Ich für mein Theil „erwiederte Julie“ gestehe dagegen, daß mir bis jetzt der gute Geist der Besonnenheit noch immer viel sicherer als ein feuriges Gebet aus der Noth half, aber selbst das eiserne Fatum hat seine Günstlinge und ich zählte Sie schon beym ersten Anblick unter diese. So macht mich denn zur Genossin des Lichts und des Raths den diese Bethstunde vom Himmel herablockte. Mir scheint es ganz ohne Zuthun einer Schicksals-Macht höchst gerathen noch vor Tages Anbruch der nächsten Station zuzueilen, und falls sich da um keinen Preis Pferde vorfänden, auf gutes Glück mit der geschlagenen Armee fortzuziehen. Hat ihre Niederlage sie nicht um allen Rittersinn gebracht so wird er sich gewiß zu Gunsten junger Damen äußern, die aus verweinten Augen sehen.

Julius und Auguste entgegneten einstimmig daß man für’s erste die Rückkehr des alten Wildhüters abwarten müsse, dem es bey seiner Kenntniß aller Schliche gewiß gelingen werde, die Baronin aus dem Schloß und in ihre Arme zu führen. Deine Zweifel aber an der Thätigkeit einer höhern, leitenden und erhebenden Hand „setzte Auguste hinzu“ sind bereits durch die Fassung mit der Du ganz wider Erwarten die Sage von Woldemars Unglück hinnahmst und durch das Wunder, welches Dich durch die Nacht und die Feinde und den unwegsamen Wald in unsere Mitte brachte, widerlegt.

Schnell erglühend sagte Julie „Ich fand noch eben Kraft genug in mir, den Triumph der schadenfrohen Mißgunst durch Gleichmuth und Entsagung zu verkümmern, und unter diesen Umständen in der Nachricht von des Hauptmanns Schicksals den besten Trost.“

Julius setzte sich bereits zurecht, der erklärten, unversöhnbaren Widersacherin die Spitze zu bieten, als der alte Jäger in das Stübchen trat und Augusten ein Billet von der Baronin überreichte.
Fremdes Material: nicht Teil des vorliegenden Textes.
(* Let $X$ be a real Hilbert space, let $\alpha\in\mathbb{R}\setminus\{0\}$ and $\beta>0$, equip $X\times X\times\mathbb{R}$ with the norm $\|(x,y,\gamma)\|=\sqrt{\|x\|^2+\|y\|^2+\beta^2|\gamma|^2}$, and let $$C_\alpha=\{(x,y,\gamma)\in X\times X\times\mathbb{R} : \langle x,y\rangle=\alpha\gamma\}.$$ Let $(x_0,y_0,\gamma_0)\in X\times X\times\mathbb{R}$. Then: (i) If $x_0\neq y_0$ and $x_0\neq -y_0$, then $$P_{C_\alpha}(x_0,y_0,\gamma_0)=\Big\{\Big(\frac{x_0-\lambda y_0}{1-\lambda^2},\frac{y_0-\lambda x_0}{1-\lambda^2},\gamma_0+\frac{\lambda\alpha}{\beta^2}\Big)\Big\}$$ for the unique $\lambda\in]-1,1[$ solving $g(\lambda):=\frac{(\lambda^2+1)p-2\lambda q}{(1-\lambda^2)^2}-\frac{2\lambda\alpha^2}{\beta^2}-2\alpha\gamma_0=0$, where $p:=2\langle x_0,y_0\rangle$ and $q:=\|x_0\|^2+\|y_0\|^2$. (ii) If $y_0=-x_0\neq 0$: (a) when $\alpha(\gamma_0-\frac{\alpha}{\beta^2})<-\frac{\|x_0\|^2}{4}$, then $P_{C_\alpha}(x_0,-x_0,\gamma_0)=\{(\frac{x_0}{1-\lambda},\frac{-x_0}{1-\lambda},\gamma_0+\frac{\lambda\alpha}{\beta^2})\}$ for the unique $\lambda\in]-1,1[$ solving $g_1(\lambda):=\frac{2\|x_0\|^2}{(1-\lambda)^2}+\frac{2\lambda\alpha^2}{\beta^2}+2\alpha\gamma_0=0$; (b) when $\alpha(\gamma_0-\frac{\alpha}{\beta^2})\geq-\frac{\|x_0\|^2}{4}$, then $$P_{C_\alpha}(x_0,-x_0,\gamma_0)=\Big\{\Big(\frac{x_0}{2}+\frac{u}{\sqrt2},-\frac{x_0}{2}+\frac{u}{\sqrt2},\gamma_0-\frac{\alpha}{\beta^2}\Big): u\in X,\ \|u\|=\sqrt{2\alpha\big(\gamma_0-\tfrac{\alpha}{\beta^2}\big)+\tfrac{\|x_0\|^2}{2}}\Big\},$$ which is a singleton if and only if $\alpha(\gamma_0-\frac{\alpha}{\beta^2})=-\frac{\|x_0\|^2}{4}$. (iii) If $y_0=x_0\neq 0$: (a) when $\alpha(\gamma_0+\frac{\alpha}{\beta^2})>\frac{\|x_0\|^2}{4}$, then $P_{C_\alpha}(x_0,x_0,\gamma_0)=\{(\frac{x_0}{1+\lambda},\frac{x_0}{1+\lambda},\gamma_0+\frac{\lambda\alpha}{\beta^2})\}$ for the unique $\lambda\in]-1,1[$ solving $g_2(\lambda):=\frac{2\|x_0\|^2}{(1+\lambda)^2}-\frac{2\lambda\alpha^2}{\beta^2}-2\alpha\gamma_0=0$; (b) when $\alpha(\gamma_0+\frac{\alpha}{\beta^2})\leq\frac{\|x_0\|^2}{4}$, then $$P_{C_\alpha}(x_0,x_0,\gamma_0)=\Big\{\Big(\frac{x_0}{2}-\frac{v}{\sqrt2},\frac{x_0}{2}+\frac{v}{\sqrt2},\gamma_0+\frac{\alpha}{\beta^2}\Big): v\in X,\ \|v\|=\sqrt{-2\alpha\big(\gamma_0+\tfrac{\alpha}{\beta^2}\big)+\tfrac{\|x_0\|^2}{2}}\Big\},$$ which is a singleton if and only if $\alpha(\gamma_0+\frac{\alpha}{\beta^2})=\frac{\|x_0\|^2}{4}$. (iv) If $x_0=y_0=0$: (a) when $\alpha\gamma_0>\frac{\alpha^2}{\beta^2}$, $P_{C_\alpha}(0,0,\gamma_0)$ is the non-singleton set $\{(\frac{u}{\sqrt2},\frac{u}{\sqrt2},\gamma_0-\frac{\alpha}{\beta^2}): u\in X,\ \|u\|=\sqrt{2\alpha(\gamma_0-\frac{\alpha}{\beta^2})}\}$; (b) when $|\alpha\gamma_0|\leq\frac{\alpha^2}{\beta^2}$, $P_{C_\alpha}(0,0,\gamma_0)=\{(0,0,0)\}$; (c) when $\alpha\gamma_0<-\frac{\alpha^2}{\beta^2}$, $P_{C_\alpha}(0,0,\gamma_0)$ is the non-singleton set $\{(-\frac{v}{\sqrt2},\frac{v}{\sqrt2},\gamma_0+\frac{\alpha}{\beta^2}): v\in X,\ \|v\|=\sqrt{-2\alpha(\gamma_0+\frac{\alpha}{\beta^2})}\}$.
   Context: For a nonempty set $S\subseteq X\times X\times\mathbb{R}$, the projection $P_S(z)$ is the set $\operatorname{argmin}_{w\in S}\|w-z\|$, where the norm is the $\beta$-weighted norm $\|(x,y,\gamma)\|=\sqrt{\|x\|^2+\|y\|^2+\beta^2|\gamma|^2}$. *)

theory Defs
  imports "HOL-Analysis.Analysis"
begin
Geliebte Tochter „las das Fräulein mit zitternder, von Furcht und Hoffnungen bewegter Stimme“ ich melde Dir daß sich Deine Mutter zwar, gleich dem Daniel in der Löwen-Grube befindet, doch gleich wie er, ganz unversehrt daraus hervorzugehn gedenkt. Es liegt bereits ein feindlicher Oberster in dem Gast-Zimmer dessen Ankunft allem Unwesen schnell ein Ende macht. Ich kann die Güte mit der er hier verfährt, nicht beschreiben und rathe Euch deshalb sogleich zurückzukommen, da er nicht allein meine vorgehabte Entfernung gut geheißen sondern sich selbst erboten hat, uns in dem zugestandenen Wagen bis über die Vorposten begleiten zu lassen etc.

Auguste schlug hoch erfreut in ihre Hände, und Julius bot ihr den Arm. Lassen Sie uns eilen „sprach er“ denn leicht könnt vor Abends noch ein Unhold an die Stelle des menschlichen Schutzgottes treten.